Several years went by. I discovered the annual New Stories from the South collection. I started to read that collection religiously. I came across Larry Brown’s works because of that series. I think I read Facing the Music first. Then, I found Joe. I sensed that my spiritual experiences along with the kind of rural characters I recognized in Brown’s work was something I could write about as well. Even before Brown, I read a couple of books by Harry Crews. In a Childhood: The Biography of a Place, Crews opens with these startling lines: “My first memory is of a time ten years before I was born, and the memory takes place where I have never been and involves my daddy whom I never knew.” This line really spoke volumes to me as I mentioned earlier that I felt disconnected. Now, I can see that one reason I decided to write was to find these connections and some of them I’ve found in events real and imagined. The historic record and the fictional world of imagination come together in the writer’s mind and form this bridge to emotion, to understanding and connection. Readers read for this connection just as much as writer’s write for it.

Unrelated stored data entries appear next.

text \<open>With infinitely many ones the tail after position n lies in (0,1], which pins the
  n-th partial sum down as the largest dyadic fraction of denominator 2^n below the value.\<close>
lemma bin_partial_sum_eq_ceiling:
  assumes "\<exists>\<^sub>\<infinity>i. w i"
  shows "(\<Sum>i<n. bin_term w i) * 2 ^ n = \<lceil>2 ^ n * binval w\<rceil> - 1"
proof -
  obtain j where "n < j" "w j" using assms INFM_nat by blast
  then have "w ((j - n) + n)" by simp
  then have tail_pos: "0 < binval (\<lambda>i. w (i + n))" by (rule binval_pos)
  obtain z where z: "(\<Sum>i<n. bin_term w i) * 2 ^ n = of_int z"
    by (rule Ints_cases[OF bin_partial_sum_scaled_Ints])
  have "2 ^ n * binval w = of_int z + binval (\<lambda>i. w (i + n))"
    using binval_split[of w n] z by (simp add: field_simps)
  then have "of_int (z + 1) - 1 < 2 ^ n * binval w" "2 ^ n * binval w \<le> of_int (z + 1)"
    using tail_pos binval_le_1[of "\<lambda>i. w (i + n)"] by simp_all
  then have "\<lceil>2 ^ n * binval w\<rceil> = z + 1" by (rule ceiling_unique)
  then show ?thesis unfolding z by simp
qed

lemma binval_inj:
  assumes "binval w = binval v" "\<exists>\<^sub>\<infinity>i. w i" "\<exists>\<^sub>\<infinity>i. v i"
  shows "w = v"
proof
  fix n
  have sums_eq: "(\<Sum>i<m. bin_term w i) = (\<Sum>i<m. bin_term v i)" for m
  proof -
    have "(\<Sum>i<m. bin_term w i) * 2 ^ m = (\<Sum>i<m. bin_term v i) * 2 ^ m"
      using bin_partial_sum_eq_ceiling[OF assms(2), of m] bin_partial_sum_eq_ceiling[OF assms(3), of m]
        assms(1) by simp
    then show ?thesis by simp
  qed
  have "bin_term w n = bin_term v n"
    using sums_eq[of n] sums_eq[of "Suc n"] by simp
  then show "w n = v n" by (simp add: bin_term_def split: if_splits)
qed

I recently read this piece in the Oxford American that Barry Hannah wrote. Something he said stuck out to me: “But I believe he (a writer) might also be a sort of narcoleptic who requires constant waking up by his own imaginative work. He is closer to sleep and dream, and his memory is more haunted . . .”
At one time I thought I would find all the answers in a person…and later I thought I might find them in a book…then I thought I might find them within and from my own writing. Now, pushing 50, I find I’m more resigned with being (with process) than thinking I know all the answers. My advice would be don’t be so quick to eliminate all of the mystery. You only get that sense of wonder one time and it cannot be duplicated. This is the mystery I’m talking about.